Personal information
- Nationality: British (Welsh)
- Born: 11 January 2000 (age 26)

Sport
- Sport: Athletics
- Event: Discus
- Club: Birchfield Harriers

Achievements and titles
- Personal best: Discus: 63.18 m (2026)

Medal record
Men's athletics
Representing Wales
Commonwealth Youth Games
| Silver medal – second place | 2017 Nassau | Discus |

= James Tomlinson (discus thrower) =

British discus thrower (born 2000)

James Tomlinson (born 11 January 2000) is a British discus thrower from Wales. A successful junior, he is the British under-18 record holder.

==Biography==
From Pembroke Dock, Tomlinson took up discus as a junior athlete and won his first Wales Schools Championship in 2014. He qualified for the World U18 Championships as a 15 year-old but was too young to be able to compete in the discipline.

He became the British under-18 discus record holder in 2017 while competing at Loughborough International, recording a distance of 63.48m with the 1.5 kg disc. He was a silver medalist behind Connor Bell of New Zealand at the 2017 Commonwealth Youth Games in the Bahamas, with a best measured throw of 60.11 metres, although suffered misfortunate when his final throw could not be measured after it struck a judge.

Tomlinson later attended Pembrokeshire College. Competing for Pembrokeshire Harriers, Tomlinson broke the Welsh under-20 discus record at the Cardiff Throws Open with 60.24 metres in August 2019. Later that month, he then broke British under-20 discus record with 61.64 metres, surpassing the previous record of 60.46m that had been held by Brett Morse since 2008.

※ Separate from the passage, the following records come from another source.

lemma entropy_strict_convex:
  assumes pq: "p \<in> nonneg_matrices" "q \<in> nonneg_matrices" "p \<noteq> q" and t: "0 < t" "t < 1"
  shows "entropy ((1 - t) *\<^sub>R p + t *\<^sub>R q) < (1 - t) * entropy p + t * entropy q"
proof -
  obtain i0 j0 where "p $ i0 $ j0 \<noteq> q $ i0 $ j0"
    using pq(3) by (metis vec_eq_iff)
  then have "xlogx_e ((1 - t) * p $ i0 $ j0 + t * q $ i0 $ j0)
      < (1 - t) * xlogx_e (p $ i0 $ j0) + t * xlogx_e (q $ i0 $ j0)"
    using pq t by (intro xlogx_e_strict_convex) (auto simp: nonneg_matrices_def)
  then have "\<exists>(i, j)\<in>UNIV. xlogx_e ((1 - t) * p $ i $ j + t * q $ i $ j)
      < (1 - t) * xlogx_e (p $ i $ j) + t * xlogx_e (q $ i $ j)"
    by blast
  moreover have "\<forall>(i, j)\<in>UNIV. xlogx_e ((1 - t) * p $ i $ j + t * q $ i $ j)
      \<le> (1 - t) * xlogx_e (p $ i $ j) + t * xlogx_e (q $ i $ j)"
    using pq t convex_onD[OF convex_on_xlogx_e, of t] by (auto simp: nonneg_matrices_def)
  ultimately show ?thesis
    unfolding entropy_convex_combination unfolding entropy_eq_sum_entries
    by (intro sum_strict_mono_ex1) (simp_all add: case_prod_unfold)
qed

lemma continuous_on_entropy: "continuous_on nonneg_matrices entropy"
  unfolding entropy_def
  by (intro continuous_on_sum continuous_on_compose2[OF continuous_on_xlogx_e] continuous_intros)
    (auto simp: nonneg_matrices_def)

lemma entropy_convex_combination_zero_entry:
  assumes p: "p \<in> nonneg_matrices" and q: "q \<in> nonneg_matrices"
    and p0: "p $ i $ j = 0" and q0: "q $ i $ j > 0" and t: "0 < t" "t \<le> 1"
  shows "entropy ((1 - t) *\<^sub>R p + t *\<^sub>R q)
    \<le> (1 - t) * entropy p + t * entropy q + t * q $ i $ j * ln t"
proof -
  have entry: "xlogx_e ((1 - t) * p $ k $ l + t * q $ k $ l)
      \<le> (1 - t) * xlogx_e (p $ k $ l) + t * xlogx_e (q $ k $ l)
        + (if (k, l) = (i, j) then t * q $ i $ j * ln t else 0)" for k l
  proof (cases "(k, l) = (i, j)")
    case True
    then show ?thesis
      using p0 xlogx_e_scale[OF t(1) q0] by (simp add: xlogx_e_def[of 0])
  next
    case False
    then show ?thesis
      using convex_onD[OF convex_on_xlogx_e, of t "p $ k $ l" "q $ k $ l"] p q t
      by (auto simp: nonneg_matrices_def)
  qed
  have "entropy ((1 - t) *\<^sub>R p + t *\<^sub>R q)
      \<le> (\<Sum>x\<in>UNIV. (case x of (k, l) \<Rightarrow> (1 - t) * xlogx_e (p $ k $ l) + t * xlogx_e (q $ k $ l))
        + (if x = (i, j) then t * q $ i $ j * ln t else 0))"
    unfolding entropy_eq_sum_entries using entry by (auto intro: sum_mono)
  also have "\<dots> = (1 - t) * entropy p + t * entropy q + t * q $ i $ j * ln t"
    by (simp only: sum.distrib entropy_convex_combination) simp
  finally show ?thesis .
qed

lemma couplings_subset_nonneg_matrices: "couplings a b \<subseteq> nonneg_matrices"
  by (auto simp: couplings_def nonneg_matrices_def)

lemma convex_couplings: "convex (couplings a b)"
  unfolding convex_def couplings_def
  by (auto simp: sum.distrib sum_distrib_left[symmetric] simp flip: distrib_right
      intro: add_nonneg_nonneg)

lemma compact_couplings: "compact (couplings a b)"
proof -
  have "closed (couplings a b)"
    unfolding couplings_def
    by (intro closed_Collect_conj closed_Collect_all closed_Collect_le closed_Collect_eq
        continuous_intros)
  moreover have "norm p \<le> sum (($) a) UNIV" if "p \<in> couplings a b" for p
  proof -
    have "norm p \<le> (\<Sum>i\<in>UNIV. norm (p $ i))"
      unfolding norm_vec_def by (rule L2_set_le_sum) auto
    also have "\<dots> \<le> (\<Sum>i\<in>UNIV. \<Sum>j\<in>UNIV. \<bar>p $ i $ j\<bar>)"
      by (intro sum_mono norm_le_l1_cart)
    also have "\<dots> = sum (($) a) UNIV"
      using that by (simp add: couplings_def)
    finally show ?thesis .
  qed
  then have "bounded (couplings a b)"
    unfolding bounded_iff by blast
  ultimately show ?thesis
    by (simp add: compact_eq_bounded_closed)
qed

lemma outer_product_in_couplings_pos:
  assumes "a \<in> simplex_pos" "b \<in> simplex_pos"
  shows "(\<chi> i j. a $ i * b $ j) \<in> couplings_pos a b"
  using assms unfolding couplings_pos_def couplings_def simplex_pos_def
  by (auto simp: sum_distrib_left[symmetric] sum_distrib_right[symmetric] less_imp_le)

lemma ex1_minimizer_compact:
  fixes F :: "'a::topological_space \<Rightarrow> real"
  assumes "compact S" "S \<noteq> {}" "continuous_on S F"
    and strict: "\<And>x y. x \<in> S \<Longrightarrow> y \<in> S \<Longrightarrow> x \<noteq> y \<Longrightarrow> \<exists>z\<in>S. F z < max (F x) (F y)"
  shows "\<exists>!x. x \<in> S \<and> (\<forall>y\<in>S. F x \<le> F y)"
proof (rule ex_ex1I)
  show "\<exists>x. x \<in> S \<and> (\<forall>y\<in>S. F x \<le> F y)"
    using continuous_attains_inf[OF assms(1-3)] by blast
next
  fix x y
  assume x: "x \<in> S \<and> (\<forall>z\<in>S. F x \<le> F z)" and y: "y \<in> S \<and> (\<forall>z\<in>S. F y \<le> F z)"
  show "x = y"
  proof (rule ccontr)
    assume "x \<noteq> y"
    with x y strict obtain z where "z \<in> S" "F z < max (F x) (F y)"
      by blast
    with x y show False
      by (simp add: not_le[symmetric])
  qed
qed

Later a member of Birchfield Harriers, he threw a personal best of 57.30 metres in 2023. He won the England Athletics senior championships in July 2024 in Birmingham with a best throw of 57.23 metres, and placed fourth that year at the 2024 British Athletics Championships in Manchester.

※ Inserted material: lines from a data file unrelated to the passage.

(* Let $F:(\mathbb R^n\times\mathbb R,0)\to(\mathbb R^m,0)$, $n\ge m\ge 2$, $F=(f_1,\dots,f_m)$, be an analytic germ satisfying: there exists $0<\theta<1$ such that for every $x_0\in F_0^{-1}(0)\cap\operatorname{Sing}F_0\setminus\{0\}$ there is $c(x_0)>0$ with $\|F(x,t)\|^\theta\le c(x_0)\nu_{F_t}(x)$ for all $(x,t)\notin\operatorname{Sing}\widetilde F$ close enough to $(x_0,0)$. Let $L\in\mathbb N$ with $\theta<\frac{L-1}{L}$, let $X=\{(x,t,s)\in\mathbb R^n\times\mathbb R\times\mathbb R^m: f_i(x,t)=s_i^L,\ i=1,\dots,m\}$ and $\pi:X\to\mathbb R$, $\pi(x,t,s)=t$. Let $x_0\in F_0^{-1}(0)\cap\operatorname{Sing}F_0\setminus\{0\}$ and let $(x_k,t_k,s_k)\in X$ be a sequence with $(x_k,t_k)\notin\operatorname{Sing}\widetilde F$, $(x_k,t_k,s_k)\to(x_0,0,0)$, such that the $n$-dimensional tangent spaces $T_{(x_k,t_k,s_k)}(\pi^{-1}(t_k)\cap X)$ converge in the Grassmannian to a space $T$. Then $T=A\times\{0\}\times\mathbb R^m\subset\mathbb R^n\times\mathbb R\times\mathbb R^m$ for some linear subspace $A\subset\mathbb R^n$ of dimension $n-m$.
   Context: $F_t=F(\cdot,t)$, $F_0=F(\cdot,0)$, $\widetilde F(x,t)=(F(x,t),t)$. $\nu_{F_t}(x):=\min_{\|a\|=1}\bigl\|\sum_{i=1}^m a_i\operatorname{grad}_x f_i(x,t)\bigr\|$ with $\operatorname{grad}_x f_i=(\partial f_i/\partial x_1,\dots,\partial f_i/\partial x_n)$. $\operatorname{Sing}$ of a map denotes the set where its Jacobian has rank less than the target dimension; note $(x,t)\notin\operatorname{Sing}\widetilde F$ iff $\nu_{F_t}(x)>0$, so near such points $\pi^{-1}(t)\cap X$ is a smooth $n$-dimensional manifold. *)

theory Defs
  imports "HOL-Analysis.Analysis"
begin

text \<open>Real analyticity at a point of a real-valued function on a Euclidean space:
  locally the sum of a (unconditionally, hence absolutely) convergent power series
  in the coordinates with respect to the standard basis.\<close>
definition real_analytic_at :: "('a::euclidean_space \<Rightarrow> real) \<Rightarrow> 'a \<Rightarrow> bool" where
  "real_analytic_at f p \<longleftrightarrow>
     (\<exists>r>0. \<exists>c :: ('a \<Rightarrow> nat) \<Rightarrow> real. \<forall>y\<in>ball p r.
        ((\<lambda>\<alpha>. c \<alpha> * (\<Prod>b\<in>Basis. ((y - p) \<bullet> b) ^ \<alpha> b)) has_sum f y)
          {\<alpha>. \<forall>b. b \<notin> Basis \<longrightarrow> \<alpha> b = 0})"

definition analytic_map_on :: "'a set \<Rightarrow> ('a::euclidean_space \<Rightarrow> real^'m) \<Rightarrow> bool" where
  "analytic_map_on U F \<longleftrightarrow> (\<forall>p\<in>U. \<forall>i. real_analytic_at (\<lambda>y. F y $ i) p)"

definition Sing :: "('a::real_normed_vector \<Rightarrow> 'b::real_normed_vector) \<Rightarrow> 'a set" where
  "Sing G = {p. \<not> surj (frechet_derivative G (at p))}"

definition grad_x :: "((real^'n) \<times> real \<Rightarrow> real^'m) \<Rightarrow> 'm \<Rightarrow> real^'n \<Rightarrow> real \<Rightarrow> real^'n" where
  "grad_x F i x t = (\<chi> j. frechet_derivative (\<lambda>y. F (y, t)) (at x) (axis j 1) $ i)"

definition nu :: "((real^'n) \<times> real \<Rightarrow> real^'m) \<Rightarrow> real \<Rightarrow> real^'n \<Rightarrow> real" where
  "nu F t x = Inf {norm (\<Sum>i\<in>UNIV. (a $ i) *\<^sub>R grad_x F i x t) | a :: real^'m. norm a = 1}"

definition Ftilde :: "((real^'n) \<times> real \<Rightarrow> real^'m) \<Rightarrow> (real^'n) \<times> real \<Rightarrow> (real^'m) \<times> real" where
  "Ftilde F = (\<lambda>(x, t). (F (x, t), t))"

text \<open>Tangent space of a set S at p (tangent cone: limits of secant directions);
  for a C^1 submanifold this is the usual tangent space.\<close>
definition tangent_space :: "'a::real_normed_vector set \<Rightarrow> 'a \<Rightarrow> 'a set" where
  "tangent_space S p = {v. \<exists>y c. (\<forall>k. y k \<in> S \<and> c k > (0::real)) \<and> y \<longlonglongrightarrow> p
                               \<and> (\<lambda>k. c k *\<^sub>R (y k - p)) \<longlonglongrightarrow> v}"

Competing in Ramona, Oklahoma at The Oklahoma Throws Series World Invitational event in April 2026, Tomlinson made a succession of throws that landed over 60 metres, first throwing 60.80 m before improving his best distance to 61.15 m, and then to a new personal best of 63.18 m. Tomlinson placed second competing for Wales in the discus at the 2026 Loughborough International in May.